One form of opting out of Medicare is to have a concierge practice where the patient pays the doctor a global fee for Medicare delivered by that doctor in the office, nursing home or hospital. Medicare isn’t charged at all by the concierge doctor for this care except when care is rendered by another doctor (referrals, hospital care, etc.). A concierge doctor can charge a high global fee that covers all of the care he renders to a patient or a lower global fee for “wellness” care, annual physical, online services to book appointments, track test results, a computerized device containing the patient’s medical history, etc. With this arrangement the concierge doctor will bill Medicare for any care of the patient that involves illness.
Because Obamacare covers wellness physicals, this option may become obsolete.

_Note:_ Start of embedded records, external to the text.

lemma mb_shadow_breaker_follows:
  assumes removal: "safe_removal H b G X G'" and fin: "finite (verts G)" and F: "F \<subseteq> verts G"
    and bal: "balanced_share X b M F" and W: "mb_bwin H b G' (M \<inter> verts G') (F \<inter> verts G') False"
  obtains S where "S \<subseteq> F" "card S = min b (card F)" "mb_shadow H b G' X M (F - S) True"
proof -
  have V': "verts G' = verts G - X" and "finite F" "finite X"
    using removal F fin finite_subset unfolding safe_removal_def by auto
  obtain S' where S': "S' \<subseteq> F \<inter> verts G'" "card S' = min b (card (F \<inter> verts G'))"
    "mb_bwin H b G' (M \<inter> verts G') (F \<inter> verts G' - S') True"
    using mb_bwin_breaker_turn[OF W] by blast
  have "finite S'" using S'(1) \<open>finite F\<close> finite_subset by blast
  have "S' \<inter> (F \<inter> X) = {}" using S'(1) V' by blast
  then have "card (S' \<union> F \<inter> X) = card S' + card (F \<inter> X)"
    using \<open>finite S'\<close> \<open>finite F\<close> by (simp add: card_Un_disjoint)
  moreover have "card S' \<le> min b (card F)" "min b (card F) \<le> card S' + card (F \<inter> X)"
    using S'(2) card_split_safe_removal[OF removal \<open>finite F\<close> F] by simp_all
  ultimately obtain S where S: "S' \<subseteq> S" "S \<subseteq> S' \<union> F \<inter> X" "card S = min b (card F)"
    using exists_subset_between[of S' "min b (card F)" "S' \<union> F \<inter> X"]
      \<open>finite F\<close> \<open>finite S'\<close> by (metis finite_Int finite_UnI le_sup_iff order_refl)
  have "(F - S) \<inter> verts G' = F \<inter> verts G' - S'" using S(1,2) V' by blast
  then have "mb_shadow H b G' X M (F - S) True"
    using S'(3) balanced_share_Diff[OF \<open>finite X\<close> bal] unfolding mb_shadow_def by simp
  then show thesis using that S S'(1) by blast
qed

lemma mb_shadow_breaker_answers:
  assumes removal: "safe_removal H b G X G'" and fin: "finite (verts G)" and F: "F \<subseteq> verts G"
    and share: "small_share X b M F" and W: "mb_bwin H b G' (M \<inter> verts G') (F \<inter> verts G') True"
  obtains S where "S \<subseteq> F" "card S = min b (card F)" "mb_shadow H b G' X M (F - S) True"
proof -
  have V': "verts G' = verts G - X" and "finite F" "finite X"
    using removal F fin finite_subset unfolding safe_removal_def by auto
  note split = card_split_safe_removal[OF removal \<open>finite F\<close> F]
  show thesis
  proof (cases "b \<le> card (F \<inter> X)")
    case True
    then obtain S where S: "S \<subseteq> F \<inter> X" "card S = b" by (meson obtain_subset_with_card_n)
    have "(F - S) \<inter> verts G' = F \<inter> verts G'" using S(1) V' by blast
    then have "mb_shadow H b G' X M (F - S) True"
      using W balanced_share_answer_inside[OF \<open>finite X\<close> S share] unfolding mb_shadow_def by simp
    moreover have "card S = min b (card F)" using S(2) True split by simp
    ultimately show thesis using that S(1) by blast
  next
    case False
    then have "card (F \<inter> X) \<le> min b (card F)" using split by simp
    then obtain S where S: "F \<inter> X \<subseteq> S" "S \<subseteq> F" "card S = min b (card F)"
      using exists_subset_between[of "F \<inter> X" "min b (card F)" F] \<open>finite F\<close> by auto
    have "finite (F \<inter> verts G')" "(F - S) \<inter> verts G' \<subseteq> F \<inter> verts G'"
      using \<open>finite F\<close> by auto
    then have "mb_bwin H b G' (M \<inter> verts G') ((F - S) \<inter> verts G') True"
      by (rule mb_bwin_subset_free[OF W])
    then have "mb_shadow H b G' X M (F - S) True"
      using balanced_share_exhaust[OF \<open>finite X\<close> S(1) share] unfolding mb_shadow_def by simp
    then show thesis using that S(2,3) by blast
  qed
qed

lemma mb_shadow_breaker_move:
  assumes "safe_removal H b G X G'" "finite (verts G)" "F \<subseteq> verts G"
    and "mb_shadow H b G' X M F False"
  obtains S where "S \<subseteq> F" "card S = min b (card F)" "mb_shadow H b G' X M (F - S) True"
  using assms(4) mb_shadow_breaker_follows[OF assms(1-3)] mb_shadow_breaker_answers[OF assms(1-3)]
  unfolding mb_shadow_def by blast

lemma mb_bwin_of_shadow:
  assumes removal: "safe_removal H b G X G'" and fin: "finite (verts G)" and "b \<ge> 1"
  shows "F \<subseteq> verts G \<Longrightarrow> M \<inter> F = {} \<Longrightarrow> mb_shadow H b G' X M F t \<Longrightarrow> mb_bwin H b G M F t"
proof (induction "card F" arbitrary: M F t rule: less_induct)
  case less
  have "finite F" using less.prems(1) fin finite_subset by blast
  show ?case
  proof (cases "F = {}")
    case True
    then show ?thesis
      using mb_shadow_final[OF removal] less.prems(3) by (simp add: mb_bwin.finished)
  next
    case nonempty: False
    show ?thesis
    proof (cases t)
      case True
      have "mb_bwin H b G (insert v M) (F - {v}) False" if "v \<in> F" for v
      proof -
        have "v \<notin> M" using that less.prems(2) by blast
        then have "mb_shadow H b G' X (insert v M) (F - {v}) False"
          using mb_shadow_maker_move[OF removal fin less.prems(1) that] less.prems(3) True by simp
        moreover have "card (F - {v}) < card F" using card_Diff1_less[OF \<open>finite F\<close> that] .
        moreover have "F - {v} \<subseteq> verts G" "insert v M \<inter> (F - {v}) = {}"
          using less.prems(1,2) by auto
        ultimately show ?thesis using less.hyps by blast
      qed
      then have "mb_bwin H b G M F True" by (blast intro: mb_bwin.maker_move[OF nonempty])
      then show ?thesis using True by simp
    next
      case False
      obtain S where S: "S \<subseteq> F" "card S = min b (card F)" "mb_shadow H b G' X M (F - S) True"
        using mb_shadow_breaker_move[OF removal fin less.prems(1)] less.prems(3) False by auto
      have "finite S" using S(1) \<open>finite F\<close> finite_subset by blast
      have "card S \<ge> 1"
        using S(2) \<open>b \<ge> 1\<close> nonempty \<open>finite F\<close> by (simp add: Suc_le_eq card_gt_0_iff)
      then have "card (F - S) < card F"
      proof -
        have "card F > 0" using \<open>finite F\<close> nonempty by (simp add: card_gt_0_iff)
        then show ?thesis using \<open>card S \<ge> 1\<close> S(1) \<open>finite S\<close> by (simp add: card_Diff_subset)
      qed
      moreover have "F - S \<subseteq> verts G" "M \<inter> (F - S) = {}" using less.prems(1,2) by auto
      ultimately have "mb_bwin H b G M (F - S) True" using less.hyps S(3) by blast
      then show ?thesis using mb_bwin.breaker_move[OF nonempty S(1,2)] False by simp
    qed
  qed
qed

lemma mb_bwin_lift:
  assumes "safe_removal H b G X G'" "finite (verts G)" "b \<ge> 1"
    and "mb_bwin H b G' {} (verts G') t"
  shows "mb_bwin H b G {} (verts G) t"
proof (rule mb_bwin_of_shadow[OF assms(1-3)])
  have "verts G \<inter> verts G' = verts G'" using assms(1) unfolding safe_removal_def by blast
  then show "mb_shadow H b G' X {} (verts G) t"
    using assms(4) unfolding mb_shadow_def balanced_share_def small_share_def by simp
qed auto

lemma cw_wwin_follow_remainder:
  assumes removal: "safe_removal H b G X G'"
  shows "cw_wwin H b G' C' F \<Longrightarrow> C' = C \<inter> verts G' \<Longrightarrow> F \<subseteq> verts G'
    \<Longrightarrow> card (C \<inter> X) * (b + 1) \<le> card X + b \<Longrightarrow> cw_wwin H b G C F"
proof (induction arbitrary: C rule: cw_wwin.induct)
  case (finished F C')
  then have "\<not> has_copy_in H G C" using removal unfolding safe_removal_def by blast
  then show ?case using finished(1) by (simp add: cw_wwin.finished)
next
  case (round S F C')
  have "cw_wwin H b G (insert v C) (F - S)" if "v \<in> S" for v
  proof -
    have "v \<in> verts G'" "v \<notin> X" using that round.hyps(1) round.prems(2) removal
      unfolding safe_removal_def by auto
    then have "insert v C' = insert v C \<inter> verts G'" "card (insert v C \<inter> X) * (b + 1) \<le> card X + b"
      using round.prems(1,3) by auto
    moreover have "F - S \<subseteq> verts G'" using round.prems(2) by blast
    ultimately show ?thesis using round.IH that by blast
  qed
  then show ?case using cw_wwin.round[OF round.hyps(1-3)] by blast
qed

lemma cw_wwin_offer_removed_first:
  assumes removal: "safe_removal H b G X G'" and fin: "finite (verts G)"
    and W: "cw_wwin H b G' {} (verts G')"
  shows "C \<subseteq> X \<Longrightarrow> C \<inter> F = {} \<Longrightarrow> F \<subseteq> verts G \<Longrightarrow> verts G' \<subseteq> F
    \<Longrightarrow> balanced_share X b C F \<Longrightarrow> cw_wwin H b G C F"
proof (induction "card (F \<inter> X)" arbitrary: C F rule: less_induct)
  case less
  have V': "verts G' = verts G - X" and "finite X"
    using removal fin finite_subset unfolding safe_removal_def by auto
  show ?case
  proof (cases "F \<inter> X = {}")
    case True
    then have "F = verts G'" using less.prems(3,4) V' by blast
    moreover have "C \<inter> verts G' = {}" using less.prems(1) V' by blast
    moreover have "X - F = X" using True by blast
    then have "card (C \<inter> X) * (b + 1) \<le> card X + b"
      using less.prems(5) unfolding balanced_share_def small_share_def by simp
    ultimately show ?thesis using cw_wwin_follow_remainder[OF removal W] by simp
  next
    case False
    have "min (b + 1) (card (F \<inter> X)) \<le> card (F \<inter> X)" by simp
    then obtain S where S: "S \<subseteq> F \<inter> X" "card S = min (b + 1) (card (F \<inter> X))" "finite S"
      by (rule obtain_subset_with_card_n)
    have "card S \<ge> 1" using S(2) False \<open>finite X\<close> by (simp add: Suc_le_eq card_gt_0_iff)
    have "cw_wwin H b G (insert v C) (F - S)" if "v \<in> S" for v
    proof (rule less.hyps)
      have "(F - S) \<inter> X = F \<inter> X - S" by blast
      moreover have "card (F \<inter> X) > 0" using False \<open>finite X\<close> by (simp add: card_gt_0_iff)
      ultimately show "card ((F - S) \<inter> X) < card (F \<inter> X)"
        using S(1,3) \<open>card S \<ge> 1\<close> by (simp add: card_Diff_subset)
      have "v \<notin> C" using that S(1) less.prems(2) by blast
      then show "balanced_share X b (insert v C) (F - S)"
        using balanced_share_offer[OF \<open>finite X\<close> less.prems(5) S(1,2) that] by blast
      show "insert v C \<subseteq> X" "insert v C \<inter> (F - S) = {}" "F - S \<subseteq> verts G"
        "verts G' \<subseteq> F - S"
        using that S(1) less.prems(1-4) V' by auto
    qed
    moreover have "S \<subseteq> F" "card S \<le> b + 1" using S(1,2) by auto
    ultimately show ?thesis using cw_wwin.round[of S F] \<open>card S \<ge> 1\<close> by blast
  qed
qed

On Longboat Key, 60% to 80% of patients seen are Medicare patients, and two-thirds are snowbirds. It isn’t realistic in today’s medical/financial climate to have Medicare and secondaries hang on to 10% to 15% of revenues for three-to-six months. The numbers disparity in winter/summer is even more exaggerated on the barrier islands than on the mainland. The recession had contributed to a 25% to 30% reduction in office visits in general. The BP oil spill created a disastrous reduction in tourism throughout coastal Florida that further contributes to the lack of revenue in an area where Medicare shortfalls are subsidized by tourist dollars. So, the business of medicine is affected by these economic forces in the same way that they affect all business on Longboat Key.

Dr. Pamela J. Letts, of Centre Shops Family Practice & Urgent Care, is a board certified family physician and has been practicing on Longboat since 1996.